## Task details:
Print this span of the material below exactly: the line with "(\<forall>y. g x", the line with "g W. \<forall>A.", and every line between them, but nothing else.

## Records for this task:

text \<open>The inverse Gram matrix contracts the Gram-matrix expansion of K b back to the
  b-th coordinate of K b.\<close>
lemma g_trace_pairing:
  assumes K: "\<And>x. x \<in> W \<Longrightarrow> K x \<in> W"
  shows "g_trace g W (\<lambda>x y. g (K x) y *\<^sub>R u) = sub_trace W K *\<^sub>R u"
proof -
  let ?B = "sub_basis W"
  note B = sub_basis[OF subspace] finite_sub_basis[OF subspace]
  define ginv where "ginv = (SOME h. \<forall>b\<in>?B. \<forall>d\<in>?B. (\<Sum>c\<in>?B. h b c * g c d) = (if b = d then 1 else 0))"
  have ginv: "b \<in> ?B \<Longrightarrow> d \<in> ?B \<Longrightarrow> (\<Sum>c\<in>?B. ginv b c * g c d) = (if b = d then 1 else 0)" for b d
    using someI_ex[OF gram_inverse_exists] unfolding ginv_def by blast
  have contract: "(\<Sum>c\<in>?B. ginv b c * g (K b) c) = representation ?B (K b) b" if b: "b \<in> ?B" for b
  proof -
    let ?r = "representation ?B (K b)"
    have "g (K b) c = (\<Sum>d\<in>?B. ?r d * g c d)" for c
      using pairing_expansion_right[of "K b" c] K b B(1) symmetric[of "K b" c] by auto
    then have "(\<Sum>c\<in>?B. ginv b c * g (K b) c) = (\<Sum>c\<in>?B. \<Sum>d\<in>?B. ?r d * (ginv b c * g c d))"
      by (simp add: sum_distrib_left mult.left_commute)
    also have "\<dots> = (\<Sum>d\<in>?B. ?r d * (\<Sum>c\<in>?B. ginv b c * g c d))"
      by (subst sum.swap) (simp add: sum_distrib_left)
    also have "\<dots> = (\<Sum>d\<in>?B. if b = d then ?r d else 0)"
      using ginv[OF b] by (intro sum.cong) auto
    also have "\<dots> = ?r b"
      using b B(4) by simp
    finally show ?thesis .
  qed
  have "g_trace g W (\<lambda>x y. g (K x) y *\<^sub>R u) = (\<Sum>b\<in>?B. (\<Sum>c\<in>?B. ginv b c * g (K b) c) *\<^sub>R u)"
    unfolding g_trace_def Let_def ginv_def[symmetric] by (simp add: scaleR_sum_left)
  also have "\<dots> = sub_trace W K *\<^sub>R u"
    unfolding sub_trace_def Let_def by (simp add: contract scaleR_sum_left)
  finally show ?thesis .
qed

lemma shape_operator_eq:
  assumes J: "\<And>x. x \<in> W \<Longrightarrow> J x \<in> W"
    and A: "\<And>x. x \<in> W \<Longrightarrow> A x \<in> W"
    and shape: "\<And>x y. x \<in> W \<Longrightarrow> y \<in> W \<Longrightarrow> g (A x) y = g (\<sigma> x y) \<eta>"
    and \<sigma>: "\<And>x y. x \<in> W \<Longrightarrow> y \<in> W \<Longrightarrow> \<sigma> x y = g x y *\<^sub>R h - g (J x) y *\<^sub>R J h"
    and x: "x \<in> W"
  shows "A x = g h \<eta> *\<^sub>R x - g (J h) \<eta> *\<^sub>R J x"
proof (rule eq_if_pairings_eq)
  show "A x \<in> W" using A x .
  show "g h \<eta> *\<^sub>R x - g (J h) \<eta> *\<^sub>R J x \<in> W"
    using J x subspace by (intro subspace_diff subspace_scale) auto
  show "g (A x) y = g (g h \<eta> *\<^sub>R x - g (J h) \<eta> *\<^sub>R J x) y" if "y \<in> W" for y
    using shape[OF x that] \<sigma>[OF x that]
    by (simp add: linear_diff[OF linear_left] linear_cmul[OF linear_left] mult.commute)
qed

lemma trace_J_scale_eq_0:
  assumes J: "\<And>x. x \<in> W \<Longrightarrow> J x \<in> W"
    and \<sigma>: "\<And>x y. x \<in> W \<Longrightarrow> y \<in> W \<Longrightarrow> \<sigma> x y = g x y *\<^sub>R h - g (J x) y *\<^sub>R J h"
    and h: "g_trace g W \<sigma> = real (dim W) *\<^sub>R h"
  shows "sub_trace W J *\<^sub>R J h = 0"
proof -
  have "real (dim W) *\<^sub>R h = g_trace g W (\<lambda>x y. g x y *\<^sub>R h) - g_trace g W (\<lambda>x y. g (J x) y *\<^sub>R J h)"
    unfolding h[symmetric] g_trace_diff[symmetric] by (rule g_trace_cong[OF subspace \<sigma>])
  also have "\<dots> = real (dim W) *\<^sub>R h - sub_trace W J *\<^sub>R J h"
    using g_trace_pairing[of "\<lambda>x. x" h] g_trace_pairing[of J "J h", OF J] sub_trace_id[OF subspace]
    by simp
  finally show ?thesis
    by simp
qed

end

theorem lemma2p4:
  fixes n :: nat
    and g :: "'a::euclidean_space \<Rightarrow> 'a \<Rightarrow> real"
    and J :: "'a \<Rightarrow> 'a"
    and W :: "'a set"
    and \<sigma> :: "'a \<Rightarrow> 'a \<Rightarrow> 'a"
  assumes n_pos: "n \<ge> 1"
    and dimM': "DIM('a) = 2 * n + 2"
    and g_bilin: "bilinear g"
    and g_sym: "\<And>x y. g x y = g y x"
    and g_nondeg: "\<And>x. (\<forall>y. g x y = 0) \<Longrightarrow> x = 0"
    and J_lin: "linear J"
    and J_sq: "\<And>x. J (J x) = - x"
    and Norden: "\<And>x y. g (J x) (J y) = - g x y"
    and W_sub: "subspace W"
    and dimM: "dim W = 2 * n"
    and W_J: "\<And>x. x \<in> W \<Longrightarrow> J x \<in> W"
    and W_nondeg: "\<And>x. x \<in> W \<Longrightarrow> (\<forall>y\<in>W. g x y = 0) \<Longrightarrow> x = 0"
    and \<sigma>_normal: "\<And>x y. x \<in> W \<Longrightarrow> y \<in> W \<Longrightarrow> \<sigma> x y \<in> normal_space g W"
    and \<sigma>_sym: "\<And>x y. x \<in> W \<Longrightarrow> y \<in> W \<Longrightarrow> \<sigma> x y = \<sigma> y x"
    and \<sigma>_lin: "\<And>x. x \<in> W \<Longrightarrow> linear (\<sigma> x)"
    and hyp: "\<And>x y. x \<in> W \<Longrightarrow> y \<in> W \<Longrightarrow>
       \<sigma> x y = g x y *\<^sub>R ((1 / real (2 * n)) *\<^sub>R g_trace g W \<sigma>)
               - g (J x) y *\<^sub>R J ((1 / real (2 * n)) *\<^sub>R g_trace g W \<sigma>)"
  shows "\<forall>\<eta> \<in> normal_space g W. \<forall>A.
           ((\<forall>x\<in>W. A x \<in> W) \<and> (\<forall>x\<in>W. \<forall>y\<in>W. g (A x) y = g (\<sigma> x y) \<eta>)) \<longrightarrow>
           (\<forall>x\<in>W. A x = (sub_trace W A / real (2 * n)) *\<^sub>R x
                        - (sub_trace W (A \<circ> J) / real (2 * n)) *\<^sub>R J x)"
proof (intro ballI allI impI)
  interpret nondegenerate_subspace g W
    using g_bilin g_sym W_sub W_nondeg by unfold_locales
  define h where "h = (1 / real (2 * n)) *\<^sub>R g_trace g W \<sigma>"
  have \<sigma>: "\<sigma> x y = g x y *\<^sub>R h - g (J x) y *\<^sub>R J h" if "x \<in> W" "y \<in> W" for x y
    using hyp[OF that] unfolding h_def .
  have trJ_Jh: "sub_trace W J *\<^sub>R J h = 0"
    using trace_J_scale_eq_0[OF W_J \<sigma>] n_pos dimM by (simp add: h_def)
  have "sub_trace W J *\<^sub>R h = - J (sub_trace W J *\<^sub>R J h)"
    using J_sq[of h] linear_cmul[OF J_lin] by simp
  then have trJ_h: "sub_trace W J *\<^sub>R h = 0"
    using trJ_Jh linear_0[OF J_lin] by simp
  fix \<eta> A x
  assume "(\<forall>x\<in>W. A x \<in> W) \<and> (\<forall>x\<in>W. \<forall>y\<in>W. g (A x) y = g (\<sigma> x y) \<eta>)" and x: "x \<in> W"
  then have "A y = g h \<eta> *\<^sub>R y - g (J h) \<eta> *\<^sub>R J y" if "y \<in> W" for y
    using shape_operator_eq[OF W_J _ _ \<sigma> that] by blast
  moreover have "sub_trace W J * g v \<eta> = 0" if "sub_trace W J *\<^sub>R v = 0" for v
    using linear_cmul[OF linear_left, of "sub_trace W J" v \<eta>] linear_0[OF linear_left] that by simp
  ultimately show "A x = (sub_trace W A / real (2 * n)) *\<^sub>R x - (sub_trace W (A \<circ> J) / real (2 * n)) *\<^sub>R J x"
    using complex_form_eq_trace_decomposition[OF W_sub _ W_J J_sq _ _ _ x] trJ_h trJ_Jh dimM n_pos
    by simp
qed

## Task solution:
    and g_nondeg: "\<And>x. (\<forall>y. g x y = 0) \<Longrightarrow> x = 0"
    and J_lin: "linear J"
    and J_sq: "\<And>x. J (J x) = - x"
    and Norden: "\<And>x y. g (J x) (J y) = - g x y"
    and W_sub: "subspace W"
    and dimM: "dim W = 2 * n"
    and W_J: "\<And>x. x \<in> W \<Longrightarrow> J x \<in> W"
    and W_nondeg: "\<And>x. x \<in> W \<Longrightarrow> (\<forall>y\<in>W. g x y = 0) \<Longrightarrow> x = 0"
    and \<sigma>_normal: "\<And>x y. x \<in> W \<Longrightarrow> y \<in> W \<Longrightarrow> \<sigma> x y \<in> normal_space g W"
    and \<sigma>_sym: "\<And>x y. x \<in> W \<Longrightarrow> y \<in> W \<Longrightarrow> \<sigma> x y = \<sigma> y x"
    and \<sigma>_lin: "\<And>x. x \<in> W \<Longrightarrow> linear (\<sigma> x)"
    and hyp: "\<And>x y. x \<in> W \<Longrightarrow> y \<in> W \<Longrightarrow>
       \<sigma> x y = g x y *\<^sub>R ((1 / real (2 * n)) *\<^sub>R g_trace g W \<sigma>)
               - g (J x) y *\<^sub>R J ((1 / real (2 * n)) *\<^sub>R g_trace g W \<sigma>)"
  shows "\<forall>\<eta> \<in> normal_space g W. \<forall>A.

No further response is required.